__REQUIRED ACTION__. Write each line again exactly as it is, from the opening line of the records below through the one containing "False \<delta> by auto", and add nothing.

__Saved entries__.
%%

lemma linear_component_approximation:
  fixes P :: "'x::banach \<Rightarrow> 'x"
  assumes lin: "linear P"
  obtains M where "M > 0" "\<And>x \<eta>. \<eta> > 0 \<Longrightarrow> \<exists>s\<in>component_ball P (M * norm x). norm (x - s) < \<eta>"
proof -
  obtain r a \<delta> where \<delta>: "\<delta> > 0" and ball: "ball a \<delta> \<subseteq> closure (component_ball P r)"
    using component_ball_Baire by blast
  have ball0: "ball 0 \<delta> \<subseteq> closure (component_ball P (2 * r))"
    by (rule ball_zero_subset_closure_component_ball[OF lin ball])
  have r: "r \<ge> 0"
  proof (rule ccontr)
    assume "\<not> r \<ge> 0"
    then have "component_ball P (2 * r) = {}"
      by (auto simp: component_ball_def) (smt (verit) norm_ge_zero)
    then show False using ball0 \<delta> by auto
  qed
  define M where "M = 4 * r / \<delta> + 1"
  have "M > 0" unfolding M_def using \<delta> r by (simp add: add_nonneg_pos)
  moreover have "\<exists>s\<in>component_ball P (M * norm x). norm (x - s) < \<eta>" if \<eta>: "\<eta> > 0" for x \<eta>
  proof (cases "x = 0")
    case True
    then show ?thesis using \<eta> by (intro bexI[of _ 0]) (simp_all add: component_ball_def linear_0[OF lin])
  next
    case False
    define c where "c = \<delta> / (2 * norm x)"
    have c: "c > 0" "norm (c *\<^sub>R x) < \<delta>" unfolding c_def using False \<delta> by auto
    then have "c *\<^sub>R x \<in> closure (component_ball P (2 * r))" using ball0 by auto
    then obtain s' where s': "s' \<in> component_ball P (2 * r)" "dist s' (c *\<^sub>R x) < \<eta> * c"
      using \<eta> c(1) unfolding closure_approachable by (meson mult_pos_pos)
    have "(1/c) *\<^sub>R s' \<in> component_ball P ((1/c) * (2 * r))"
      using c(1) s'(1) by (intro component_ball_scale[OF lin]) auto
    moreover have "(1/c) * (2 * r) \<le> M * norm x"
      unfolding c_def M_def using False \<delta> r by (simp add: field_simps)
    moreover have "norm (x - (1/c) *\<^sub>R s') = dist s' (c *\<^sub>R x) / c"
    proof -
      have "x - (1/c) *\<^sub>R s' = (1/c) *\<^sub>R (c *\<^sub>R x - s')" using c(1) by (simp add: algebra_simps)
      then show ?thesis using c(1) by (simp add: dist_norm norm_minus_commute)
    qed
    ultimately show ?thesis
      using s'(2) c(1) by (intro bexI[of _ "(1/c) *\<^sub>R s'"]) (auto simp: component_ball_def divide_less_eq)
  qed
  ultimately show ?thesis using that by blast
qed

lemma component_ball_mono: "r \<le> r' \<Longrightarrow> component_ball P r \<subseteq> component_ball P r'"
  unfolding component_ball_def by auto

%%

__RESULT OF THE TASK__.
lemma linear_component_approximation:
  fixes P :: "'x::banach \<Rightarrow> 'x"
  assumes lin: "linear P"
  obtains M where "M > 0" "\<And>x \<eta>. \<eta> > 0 \<Longrightarrow> \<exists>s\<in>component_ball P (M * norm x). norm (x - s) < \<eta>"
proof -
  obtain r a \<delta> where \<delta>: "\<delta> > 0" and ball: "ball a \<delta> \<subseteq> closure (component_ball P r)"
    using component_ball_Baire by blast
  have ball0: "ball 0 \<delta> \<subseteq> closure (component_ball P (2 * r))"
    by (rule ball_zero_subset_closure_component_ball[OF lin ball])
  have r: "r \<ge> 0"
  proof (rule ccontr)
    assume "\<not> r \<ge> 0"
    then have "component_ball P (2 * r) = {}"
      by (auto simp: component_ball_def) (smt (verit) norm_ge_zero)
    then show False using ball0 \<delta> by auto
  qed
  define M where "M = 4 * r / \<delta> + 1"
  have "M > 0" unfolding M_def using \<delta> r by (simp add: add_nonneg_pos)
  moreover have "\<exists>s\<in>component_ball P (M * norm x). norm (x - s) < \<eta>" if \<eta>: "\<eta> > 0" for x \<eta>
  proof (cases "x = 0")
    case True
    then show ?thesis using \<eta> by (intro bexI[of _ 0]) (simp_all add: component_ball_def linear_0[OF lin])
  next
    case False
    define c where "c = \<delta> / (2 * norm x)"
    have c: "c > 0" "norm (c *\<^sub>R x) < \<delta>" unfolding c_def using False \<delta> by auto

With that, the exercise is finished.